Relying on the scale of the info in your account object in Salesforce, the job will take a couple of minutes to finish.
- Validate the article in Salesforce. The worth of
UpsellOpportunity
ought to change.
You’ve got now efficiently validated the Salesforce connector.
Issues
You’ll be able to arrange AWS Glue job triggers to run the ETL jobs on a schedule, in order that the info is frequently synchronized between Salesforce and Amazon S3. You can too combine the ETL jobs with different AWS companies, equivalent to AWS Step Functions, Amazon Managed Workflows for Apache Airflow (Amazon MWAA), AWS Lambda, or Amazon EventBridge, to create a extra superior knowledge processing pipeline.

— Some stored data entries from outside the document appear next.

(* Let $q$ be a prime power and $L\in\mathbb{F}_q[x]$ a $q$-polynomial of $q$-degree $n$ such that $L(x)/x$ is irreducible in $\mathbb{F}_q[x]$. Let $E$ be a splitting field of $L$ over $\mathbb{F}_q$ and $V\subseteq E$ the $\mathbb{F}_q$-space of roots of $L$. For any ordered $\mathbb{F}_q$-basis $v_1,\dots,v_n$ of $V$ and $r\geq 1$, let $\epsilon_r:H_{n,r}(\mathbb{F}_q)\to E$, $\epsilon_r(P)=P(v_1,\dots,v_n)$. Then $\epsilon_r$ is injective for $1\leq r\leq q-1$.
   Context: $H_{n,r}(\mathbb{F}_q)$ is the space of homogeneous polynomials of degree $r$ in $\mathbb{F}_q[x_1,\dots,x_n]$ together with $0$. A $q$-polynomial of $q$-degree $n$ is $\sum_{i=0}^n a_ix^{q^i}$ with $a_n\neq0$. *)

theory Defs
  imports "HOL-Computational_Algebra.Polynomial" "HOL-Computational_Algebra.Factorial_Ring" "HOL-Library.Poly_Mapping"
begin

definition field_emb :: "('a::field \<Rightarrow> 'e::field) \<Rightarrow> bool" where
  "field_emb f \<longleftrightarrow> inj f \<and> f 0 = 0 \<and> f 1 = 1 \<and>
     (\<forall>x y. f (x + y) = f x + f y) \<and> (\<forall>x y. f (x * y) = f x * f y)"

definition q_polynomial :: "nat \<Rightarrow> nat \<Rightarrow> 'a::comm_ring_1 poly \<Rightarrow> bool" where
  "q_polynomial q n L \<longleftrightarrow> (\<exists>a. a n \<noteq> 0 \<and> L = (\<Sum>i\<le>n. monom (a i) (q ^ i)))"

definition is_subfield :: "'e::field set \<Rightarrow> bool" where
  "is_subfield S \<longleftrightarrow> 0 \<in> S \<and> 1 \<in> S \<and> (\<forall>x\<in>S. \<forall>y\<in>S. x + y \<in> S \<and> x * y \<in> S) \<and>
     (\<forall>x\<in>S. - x \<in> S \<and> inverse x \<in> S)"

definition splitting_field :: "('a::field \<Rightarrow> 'e::field) \<Rightarrow> 'a poly \<Rightarrow> bool" where
  "splitting_field f L \<longleftrightarrow>
     (\<exists>c rs. map_poly f L = smult c (\<Prod>r\<leftarrow>rs. [:- r, 1:])) \<and>
     (\<forall>S. is_subfield S \<longrightarrow> range f \<subseteq> S \<longrightarrow>
          {x. poly (map_poly f L) x = 0} \<subseteq> S \<longrightarrow> S = UNIV)"

text \<open>Multivariate polynomials in variables x_0,...,x_(n-1) are coefficient maps
  finitely supported maps from monomials (exponent vectors) to coefficients.
  H(n,r): homogeneous of degree r (0 included).\<close>
definition homogeneous :: "nat \<Rightarrow> nat \<Rightarrow> ((nat \<Rightarrow>\<^sub>0 nat) \<Rightarrow>\<^sub>0 'a::zero) \<Rightarrow> bool" where
  "homogeneous n r P \<longleftrightarrow>
     (\<forall>m \<in> Poly_Mapping.keys P. Poly_Mapping.keys m \<subseteq> {..<n} \<and> (\<Sum>i\<in>Poly_Mapping.keys m. Poly_Mapping.lookup m i) = r)"

definition eval_mpoly :: "('a::zero \<Rightarrow> 'e::comm_ring_1) \<Rightarrow> (nat \<Rightarrow> 'e) \<Rightarrow> ((nat \<Rightarrow>\<^sub>0 nat) \<Rightarrow>\<^sub>0 'a) \<Rightarrow> 'e" where
  "eval_mpoly f v P = (\<Sum>m\<in>Poly_Mapping.keys P. f (Poly_Mapping.lookup P m) * (\<Prod>i\<in>Poly_Mapping.keys m. v i ^ Poly_Mapping.lookup m i))"

definition ordered_basis :: "('a::field \<Rightarrow> 'e::field) \<Rightarrow> 'e set \<Rightarrow> nat \<Rightarrow> (nat \<Rightarrow> 'e) \<Rightarrow> bool" where
  "ordered_basis f V n v \<longleftrightarrow>
     (\<forall>c. (\<Sum>i<n. f (c i) * v i) = 0 \<longrightarrow> (\<forall>i<n. c i = 0)) \<and>
     V = {(\<Sum>i<n. f (c i) * v i) | c. True}"

end

theory Submission
  imports Defs "HOL-Library.Cardinality"
begin

(* Put \<alpha> = v 0. The q-th power map of E is additive and fixes the image of F_q,
   so the root space V of L is stable under it and contains \<alpha>, \<alpha>^q, ..., \<alpha>^(q^(n-1)).
   As \<alpha> is a root of the irreducible polynomial L(x)/x of degree q^n - 1, no nonzero polynomial
   of smaller degree vanishes at \<alpha>. A monomial x^m of degree r < q takes the value \<alpha>^N at
   this point, where N has base-q digits m; distinct monomials give distinct exponents
   1 <= N < q^n, so evaluation of degree-r forms at (\<alpha>, \<alpha>^q, ...) is injective. Every
   \<alpha>^(q^j) lies in the span of v, so each value of a form at that point is also the value
   of a form at v, and counting over the finite set of forms gives injectivity at v. *)

subsection \<open>Field embeddings\<close>

context
  fixes f :: "'a::field \<Rightarrow> 'e::field"
  assumes emb: "field_emb f"
begin

lemma emb_0: "f 0 = 0" and emb_1: "f 1 = 1"
  and emb_add: "f (x + y) = f x + f y" and emb_mult: "f (x * y) = f x * f y"
  using emb by (simp_all add: field_emb_def)

lemma emb_eq_iff: "f x = f y \<longleftrightarrow> x = y"
  using emb by (auto simp: field_emb_def dest: injD)

lemma emb_eq_0_iff: "f x = 0 \<longleftrightarrow> x = 0"
  using emb_eq_iff[of x 0] by (simp add: emb_0)

lemma emb_diff: "f (x - y) = f x - f y"
  by (metis add_diff_cancel_right' diff_add_cancel emb_add)

lemma emb_sum: "f (sum g A) = (\<Sum>i\<in>A. f (g i))"
  using sum_comp_morphism[of f g A] by (simp add: emb_0 emb_add comp_def)

lemma emb_power: "f (x ^ k) = f x ^ k"
  by (induction k) (simp_all add: emb_1 emb_mult)

lemma emb_of_nat: "f (of_nat k) = of_nat k"
  by (induction k) (simp_all add: emb_0 emb_1 emb_add)

lemma map_poly_emb_add: "map_poly f (p + p') = map_poly f p + map_poly f p'"
  by (intro poly_eqI) (simp add: coeff_map_poly emb_0 emb_add)

lemma map_poly_emb_mult: "map_poly f (p * p') = map_poly f p * map_poly f p'"
  by (intro poly_eqI) (simp add: coeff_map_poly coeff_mult emb_0 emb_sum emb_mult)

lemma poly_map_poly_emb_sum_monom:
  "poly (map_poly f (\<Sum>i\<in>A. monom (b i) (e i))) y = (\<Sum>i\<in>A. f (b i) * y ^ e i)"
proof -
  have "map_poly f (\<Sum>i\<in>A. monom (b i) (e i)) = (\<Sum>i\<in>A. monom (f (b i)) (e i))"
    by (induction A rule: infinite_finite_induct) (simp_all add: map_poly_emb_add map_poly_monom emb_0)
  then show ?thesis by (simp add: poly_sum poly_monom)
qed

By default, the Salesforce connector doesn’t import deleted data from Salesforce objects. Nonetheless, you’ll be able to set the IMPORT_DELETED_RECORDS
choice to “true” to import all data, together with the deleted ones. Seek advice from Salesforce connection options for various Salesforce connection choices.
Clear up
To keep away from incurring costs, clear up the sources used on this put up out of your AWS account, together with the AWS Glue jobs, Salesforce connection, Secrets and techniques Supervisor secret, IAM function, and S3 bucket.
Conclusion
The AWS Glue connector for Salesforce simplifies the analytics pipeline, reduces time to insights, and facilitates data-driven decision-making. It empowers organizations to streamline knowledge integration and analytics. The serverless nature of AWS Glue means there isn’t any infrastructure administration, and also you pay just for the sources consumed whereas your jobs are working. As organizations more and more depend on knowledge for decision-making, this Salesforce connector offers an environment friendly, cost-effective, and agile answer to swiftly meet knowledge analytics wants.

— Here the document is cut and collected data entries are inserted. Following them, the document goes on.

lemma rabinowitsch_subst_in_frac_over_powers:
  assumes "f \<in> PolyIn {..<n}" "f \<noteq> 0" "p \<in> PolyIn {..n}"
  shows "rabinowitsch_subst d n f p \<in> frac_over_powers (emb d f) (PolyIn {d..<n})"
    (is "_ \<in> ?F")
  unfolding rabinowitsch_subst_def
proof (rule eval_mpoly_closed[OF _ _ _ _ assms(3)])
  have "emb d f \<noteq> 0" "emb d f \<in> PolyIn {d..<n}"
    using assms(1,2) by (simp_all add: emb_eq_0_iff emb_PolyIn)
  then show "x + y \<in> ?F" if "x \<in> ?F" "y \<in> ?F" for x y
    using that by (intro frac_over_powers_add) (auto intro: PolyIn_add PolyIn_mult PolyIn_power)
  show "x * y \<in> ?F" if "x \<in> ?F" "y \<in> ?F" for x y
    using that by (rule frac_over_powers_mult) (rule PolyIn_mult)
  show "0 \<in> ?F"
    using Fract_1_in_frac_over_powers[OF PolyIn_zero] by (simp add: fract_collapse)
  show "1 \<in> ?F"
    using Fract_1_in_frac_over_powers[OF PolyIn_one] by (simp add: fract_collapse)
  show "Fract (emb d (Const a)) 1 \<in> ?F" for a
    by (intro Fract_1_in_frac_over_powers emb_PolyIn PolyIn_Const)
  show "(if v = n then Fract 1 (emb d f) else Fract (emb d (Var v)) 1) \<in> ?F"
    if "v \<in> {..n}" for v
  proof (cases "v = n")
    case False
    with that have "(Var v :: 'a mpoly) \<in> PolyIn {..<n}"
      by (intro PolyIn_Var) auto
    with False show ?thesis
      by (simp add: Fract_1_in_frac_over_powers emb_PolyIn)
  qed (simp add: inverse_base_in_frac_over_powers)
qed

lemma rabinowitsch_subst_image_gen_ideal:
  assumes "G \<subseteq> PolyIn {..<n}" "f \<in> PolyIn {..<n}" "f \<noteq> 0"
  shows "rabinowitsch_subst d n f ` gen_ideal (PolyIn {..n}) (G \<union> {f * Var n - 1})
    \<subseteq> frac_over_powers (emb d f) (gen_ideal (PolyIn {d..<n}) (emb d ` G))"
    (is "_ \<subseteq> frac_over_powers ?e ?J")
proof (rule ring_hom_image_gen_ideal[OF ring_hom_rabinowitsch_subst])
  show "rabinowitsch_subst d n f ` PolyIn {..n} \<subseteq> frac_over_powers ?e (PolyIn {d..<n})"
    using assms(2,3) by (auto intro: rabinowitsch_subst_in_frac_over_powers)
  show zero: "0 \<in> frac_over_powers ?e ?J"
    using Fract_1_in_frac_over_powers[OF gen_ideal_zero] by (simp add: fract_collapse)
  have "Fract (emb d h) 1 \<in> frac_over_powers ?e ?J" if "h \<in> G" for h
    using that by (intro Fract_1_in_frac_over_powers gen_ideal_gen) simp_all
  with zero show "rabinowitsch_subst d n f ` (G \<union> {f * Var n - 1}) \<subseteq> frac_over_powers ?e ?J"
    using assms by (auto simp: rabinowitsch_subst_eq_emb rabinowitsch_subst_vanishes)
  have "?e \<noteq> 0" "?e \<in> PolyIn {d..<n}"
    using assms(2,3) by (simp_all add: emb_eq_0_iff emb_PolyIn)
  then show "x + y \<in> frac_over_powers ?e ?J"
    if "x \<in> frac_over_powers ?e ?J" "y \<in> frac_over_powers ?e ?J" for x y
    using that by (intro frac_over_powers_add) (auto intro: gen_ideal_add gen_ideal_PolyIn_mult PolyIn_power)
  show "x * y \<in> frac_over_powers ?e ?J"
    if "x \<in> frac_over_powers ?e (PolyIn {d..<n})" "y \<in> frac_over_powers ?e ?J" for x y
    using that by (rule frac_over_powers_mult) (rule gen_ideal_PolyIn_mult)
qed

lemma inter_nonzero_imp_emb_power_in_ideal:
  fixes f g :: "'a::idom mpoly"
  assumes "d \<le> n" "G \<subseteq> PolyIn {..<n}" "f \<in> PolyIn {..<n}"
    and "g \<in> gen_ideal (PolyIn {..n}) (G \<union> {f * Var n - 1})" "g \<in> PolyIn {..<d}" "g \<noteq> 0"
  obtains N where "emb d f ^ N \<in> gen_ideal (PolyIn {d..<n}) (emb d ` G)"
proof (cases "f = 0")
  case True
  then show thesis
    using that[of 1] by (simp add: ring_hom_zero[OF ring_hom_emb] gen_ideal_zero)
next
  case False
  let ?J = "gen_ideal (PolyIn {d..<n}) (emb d ` G)"
  have e: "emb d f \<noteq> 0"
    using False by (simp add: emb_eq_0_iff)
  have "g \<in> PolyIn {..<n}"
    by (rule PolyIn_mono[OF assms(5)]) (use assms(1) in auto)
  then have "Fract (emb d g) 1 \<in> frac_over_powers (emb d f) ?J"
    using rabinowitsch_subst_image_gen_ideal[OF assms(2,3) False] assms(4)
    by (force simp: rabinowitsch_subst_eq_emb)
  then obtain N where "emb d g * emb d f ^ N \<in> ?J"
    using Fract_1_in_frac_over_powersE[OF e] by blast
  then have "Const (inverse (Fract g 1)) * (emb d g * emb d f ^ N) \<in> ?J"
    by (rule gen_ideal_PolyIn_mult[OF PolyIn_Const])
  moreover have "Const (inverse (Fract g 1)) * emb d g = 1"
    using assms(5,6) by (simp add: emb_eq_Const_Fract mult_single Fract_self)
  ultimately show thesis
    by (intro that[of N]) (simp add: mult.assoc[symmetric])
qed

theorem lemma2:
  fixes n d :: nat and hs :: "('a::field) mpoly list" and f :: "'a mpoly"
  assumes "d \<le> n"
    and "set hs \<subseteq> PolyIn {..<n}"
    and "f \<in> PolyIn {..<n}"
    and indep: "gen_ideal (PolyIn {..<n}) (set hs) \<inter> PolyIn {..<d} = {0}"
    and maxsize: "\<forall>W \<subseteq> {..<n}. card W > d \<longrightarrow>
                    gen_ideal (PolyIn {..<n}) (set hs) \<inter> PolyIn W \<noteq> {0}"
  shows "emb d f \<in> radical_in (PolyIn {d..<n})
            (gen_ideal (PolyIn {d..<n}) (emb d ` gen_ideal (PolyIn {..<n}) (set hs)))
     \<longleftrightarrow> gen_ideal (PolyIn {..n}) (set hs \<union> {f * Var n - 1}) \<inter> PolyIn {..<d} \<noteq> {0}"
proof
  assume "emb d f \<in> radical_in (PolyIn {d..<n})
            (gen_ideal (PolyIn {d..<n}) (emb d ` gen_ideal (PolyIn {..<n}) (set hs)))"
  then obtain k where "emb d f ^ k \<in> gen_ideal (PolyIn {d..<n}) (emb d ` gen_ideal (PolyIn {..<n}) (set hs))"
    unfolding radical_in_def by blast
  then show "gen_ideal (PolyIn {..n}) (set hs \<union> {f * Var n - 1}) \<inter> PolyIn {..<d} \<noteq> {0}"
    by (rule emb_power_in_ideal_imp_inter_nonzero[OF assms(1,3)])
next
  assume "gen_ideal (PolyIn {..n}) (set hs \<union> {f * Var n - 1}) \<inter> PolyIn {..<d} \<noteq> {0}"
  moreover have "0 \<in> gen_ideal (PolyIn {..n}) (set hs \<union> {f * Var n - 1}) \<inter> PolyIn {..<d}"
    by (simp add: gen_ideal_zero)
  ultimately obtain g where "g \<in> gen_ideal (PolyIn {..n}) (set hs \<union> {f * Var n - 1})"
    "g \<in> PolyIn {..<d}" "g \<noteq> 0"
    by blast
  then obtain N where "emb d f ^ N \<in> gen_ideal (PolyIn {d..<n}) (emb d ` set hs)"
    using inter_nonzero_imp_emb_power_in_ideal[OF assms(1-3)] by blast
  also have "\<dots> \<subseteq> gen_ideal (PolyIn {d..<n}) (emb d ` gen_ideal (PolyIn {..<n}) (set hs))"
    by (intro gen_ideal_mono image_mono) (auto intro: gen_ideal_gen)
  finally show "emb d f \<in> radical_in (PolyIn {d..<n})
      (gen_ideal (PolyIn {d..<n}) (emb d ` gen_ideal (PolyIn {..<n}) (set hs)))"
    using emb_PolyIn[OF assms(3)] unfolding radical_in_def by blast
qed

end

To study extra in regards to the AWS Glue connector for Salesforce, confer with Connecting to Salesforce in AWS Glue Studio. On this person information, we stroll by your complete course of, from organising the connection to working the info switch movement. For extra data on AWS Glue, go to AWS Glue.
In regards to the authors
Ramakant Joshi is an AWS Options Architect, specializing within the analytics and serverless area. He has a background in software program improvement and hybrid architectures, and is enthusiastic about serving to prospects modernize their cloud structure.

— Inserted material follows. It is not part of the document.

(* Let $(x,y,z,v)(t)$, $t\in\mathbb R$, be a normal extremal ($M=1$) starting at the identity with $\varphi_3=\varphi_4=0$. Then $\theta(t)\equiv\theta_0$ for some constant $\theta_0$. The extremals with these data are a single one-parameter subgroup $x(t)=u_1(\theta_0)t$, $y(t)=u_2(\theta_0)t$, $z\equiv v\equiv0$ (with $u_1(\theta_0)=\frac{r'(\theta_0)\sin\theta_0+r(\theta_0)\cos\theta_0}{r^2(\theta_0)}$, $u_2(\theta_0)=\frac{r(\theta_0)\sin\theta_0-r'(\theta_0)\cos\theta_0}{r^2(\theta_0)}$) if and only if the usual derivative $r'(\theta_0)$ exists. In all cases every such extremal is a metric straight line in $(G,d)$.
   Context: Let $\mathfrak g$ be the Engel algebra with basis $X,Y,Z,V$, $[X,Y]=Z$, $[X,Z]=V$, all other brackets of basis elements zero; $G$ the corresponding connected simply connected Lie group, with coordinates of the first kind $(x,y,z,v)$ (identity $=0$). Let $F$ be an arbitrary norm on $\mathbb R^2$, $U=\{u:F(u)\le1\}$, where $(u_1,u_2)$ is identified with $u_1X(e)+u_2Y(e)$; $d$ is the left-invariant sub-Finsler metric on $G$ defined by the distribution spanned by $X,Y$ and the norm $F$ (length of an admissible curve with control $u$ is $\int F(u(t))dt$). The control system is $\dot x=u_1,\ \dot y=u_2,\ \dot z=\tfrac12(xu_2-yu_1),\ \dot v=-\tfrac12(z+\tfrac16xy)u_1+\tfrac1{12}x^2u_2$, measurable $u(t)\in U$, $x(0)=y(0)=z(0)=v(0)=0$. An extremal is a trajectory with control $u(t)$ for which there is a nowhere vanishing absolutely continuous $\psi=(\psi_1,\dots,\psi_4)$ with a.e. $\dot\psi_1=\tfrac1{12}\psi_4yu_1-(\tfrac12\psi_3+\tfrac16\psi_4x)u_2$, $\dot\psi_2=(\tfrac12\psi_3+\tfrac1{12}\psi_4x)u_1$, $\dot\psi_3=\tfrac12\psi_4u_1$, $\dot\psi_4=0$ and $h_1u_1(t)+h_2u_2(t)=\max_{u\in U}(h_1u_1+h_2u_2)=M$ a.e., with $h_1=\psi_1-\tfrac12\psi_3y-\tfrac1{12}\psi_4xy-\tfrac12\psi_4z$, $h_2=\psi_2+\tfrac12\psi_3x+\tfrac1{12}\psi_4x^2$, $M\ge0$ constant; normal means $M>0$, normalized to $M=1$. $\varphi_i=\psi_i(0)$. $F_U(h)=\max_{u\in U}h\cdot u$, $U^*=\{h:F_U(h)\le1\}$; $r(\theta)>0$ with $F_U(r(\theta)\cos\theta,r(\theta)\sin\theta)=1$ is the polar equation of $\partial U^*$; $r'(\theta)$ denotes any number between the one-sided derivatives of $r$ at $\theta$. For $M=1$, $\theta(t)$ is a continuous function with $(h_1(t),h_2(t))=r(\theta(t))(\cos\theta(t),\sin\theta(t))$. A metric straight line is a curve $\gamma:\mathbb R\to G$ with $d(\gamma(s),\gamma(t))=|s-t|$ for all $s,t$. *)

theory Defs
  imports "HOL-Analysis.Analysis"
begin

Kamen Sharlandjiev is a Sr. Large Information and ETL Options Architect, Amazon MWAA and AWS Glue ETL professional. He’s on a mission to make life simpler for patrons who’re dealing with complicated knowledge integration and orchestration challenges. His secret weapon? Absolutely managed AWS companies that may get the job achieved with minimal effort. Observe Kamen on LinkedIn to maintain updated with the newest Amazon MWAA and AWS Glue options and information!
Debaprasun Chakraborty is an AWS Options Architect, specializing within the analytics area. He has round 20 years of software program improvement and structure expertise. He’s enthusiastic about serving to prospects in cloud adoption, migration and technique.